EXERCISE DESCRIPTION –
Find the lines in the records that carry the word "mathfrak". Copy each one.

DATA RECORDS –
(* The positive root vectors of $U_q(\mathfrak{sp}_{2n})$ satisfy $$E_{1,2}=[E_1,E_2]_{q^2};$$ $$E_{-i,j}=[E_{-i,j-1},E_j]_q\quad\text{and}\quad E_{i,j}=[E_{i,j-1},E_j]_q\qquad(3\le i+2\le j\le n);$$ $$E_{j-1,j}=[E_{j-1},E_{j-2,j}]_q\qquad(3\le j\le n);$$ $$E_{j,j}=[2]_q^{-1}[E_{1,j},E_{-1,j}]\qquad(2\le j\le n).$$
   Context: Let $\mathbf{k}$ be a field of characteristic $0$, $q\in\mathbf{k}$ invertible, not a root of unity, $n\ge2$, $[m]_q=\frac{q^m-q^{-m}}{q-q^{-1}}$, $[m]_q!=[1]_q\cdots[m]_q$, $[A,B]_v=AB-vBA$, $[A,B]=[A,B]_1$. $U_q(\mathfrak{sp}_{2n})$ is generated by $E_i,F_i,K_i^{\pm1}$ ($1\le i\le n$) with relations $K_iK_j=K_jK_i$, $K_iK_i^{-1}=1$, $K_iE_jK_i^{-1}=q_i^{a_{ij}}E_j$, $K_iF_jK_i^{-1}=q_i^{-a_{ij}}F_j$, $[E_i,F_j]=\delta_{ij}\frac{K_i-K_i^{-1}}{q_i-q_i^{-1}}$, and quantum Serre relations; $q_1=q^2$, $q_i=q$ ($i>1$); Cartan matrix $a_{ii}=2$, $a_{12}=-1$, $a_{21}=-2$, $a_{i,i+1}=a_{i+1,i}=-1$ ($2\le i\le n-1$), $a_{ij}=0$ for $|i-j|>1$. Lusztig's automorphisms $T_i$: $T_i(K_j)=K_jK_i^{-a_{ij}}$, $T_i(E_i)=-F_iK_i^{-1}$, $T_i(F_i)=-K_iE_i$, and for $j\ne i$: $T_i(E_j)=\sum_{r=0}^{-a_{ij}}(-1)^rq_i^rE_i^{(-a_{ij}-r)}E_jE_i^{(r)}$, $T_i(F_j)=\sum_{r=0}^{-a_{ij}}(-1)^rq_i^{-r}F_i^{(r)}F_jF_i^{(-a_{ij}-r)}$, with $E_i^{(r)}=E_i^r/[r]_{q_i}!$, $F_i^{(r)}=F_i^r/[r]_{q_i}!$. $T_{\gamma_i}=T_iT_{i-1}\cdots T_2T_1T_2\cdots T_{i-1}T_i$. Positive root vectors: $E_{1,1}=E_1$, and for $1<j\le n$: $E_{j-1,j}=T_{\gamma_1}\cdots T_{\gamma_{j-1}}(E_j)$; $E_{i,j}=T_{\gamma_1}\cdots T_{\gamma_{j-1}}T_jT_{j-1}\cdots T_{i+2}(E_{i+1})$ for $1\le i<j-1$; $E_{j,j}=T_{\gamma_1}\cdots T_{\gamma_{j-1}}T_jT_{j-1}\cdots T_2(E_1)$; $E_{-i,j}=T_{\gamma_1}\cdots T_{\gamma_{j-1}}T_jT_{j-1}\cdots T_2T_1T_2\cdots T_i(E_{i+1})$ for $1\le i<j$. *)

theory Defs
  imports Complex_Main
begin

TASK ANSWER –
(* The positive root vectors of $U_q(\mathfrak{sp}_{2n})$ satisfy $$E_{1,2}=[E_1,E_2]_{q^2};$$ $$E_{-i,j}=[E_{-i,j-1},E_j]_q\quad\text{and}\quad E_{i,j}=[E_{i,j-1},E_j]_q\qquad(3\le i+2\le j\le n);$$ $$E_{j-1,j}=[E_{j-1},E_{j-2,j}]_q\qquad(3\le j\le n);$$ $$E_{j,j}=[2]_q^{-1}[E_{1,j},E_{-1,j}]\qquad(2\le j\le n).$$
   Context: Let $\mathbf{k}$ be a field of characteristic $0$, $q\in\mathbf{k}$ invertible, not a root of unity, $n\ge2$, $[m]_q=\frac{q^m-q^{-m}}{q-q^{-1}}$, $[m]_q!=[1]_q\cdots[m]_q$, $[A,B]_v=AB-vBA$, $[A,B]=[A,B]_1$. $U_q(\mathfrak{sp}_{2n})$ is generated by $E_i,F_i,K_i^{\pm1}$ ($1\le i\le n$) with relations $K_iK_j=K_jK_i$, $K_iK_i^{-1}=1$, $K_iE_jK_i^{-1}=q_i^{a_{ij}}E_j$, $K_iF_jK_i^{-1}=q_i^{-a_{ij}}F_j$, $[E_i,F_j]=\delta_{ij}\frac{K_i-K_i^{-1}}{q_i-q_i^{-1}}$, and quantum Serre relations; $q_1=q^2$, $q_i=q$ ($i>1$); Cartan matrix $a_{ii}=2$, $a_{12}=-1$, $a_{21}=-2$, $a_{i,i+1}=a_{i+1,i}=-1$ ($2\le i\le n-1$), $a_{ij}=0$ for $|i-j|>1$. Lusztig's automorphisms $T_i$: $T_i(K_j)=K_jK_i^{-a_{ij}}$, $T_i(E_i)=-F_iK_i^{-1}$, $T_i(F_i)=-K_iE_i$, and for $j\ne i$: $T_i(E_j)=\sum_{r=0}^{-a_{ij}}(-1)^rq_i^rE_i^{(-a_{ij}-r)}E_jE_i^{(r)}$, $T_i(F_j)=\sum_{r=0}^{-a_{ij}}(-1)^rq_i^{-r}F_i^{(r)}F_jF_i^{(-a_{ij}-r)}$, with $E_i^{(r)}=E_i^r/[r]_{q_i}!$, $F_i^{(r)}=F_i^r/[r]_{q_i}!$. $T_{\gamma_i}=T_iT_{i-1}\cdots T_2T_1T_2\cdots T_{i-1}T_i$. Positive root vectors: $E_{1,1}=E_1$, and for $1<j\le n$: $E_{j-1,j}=T_{\gamma_1}\cdots T_{\gamma_{j-1}}(E_j)$; $E_{i,j}=T_{\gamma_1}\cdots T_{\gamma_{j-1}}T_jT_{j-1}\cdots T_{i+2}(E_{i+1})$ for $1\le i<j-1$; $E_{j,j}=T_{\gamma_1}\cdots T_{\gamma_{j-1}}T_jT_{j-1}\cdots T_2(E_1)$; $E_{-i,j}=T_{\gamma_1}\cdots T_{\gamma_{j-1}}T_jT_{j-1}\cdots T_2T_1T_2\cdots T_i(E_{i+1})$ for $1\le i<j$. *)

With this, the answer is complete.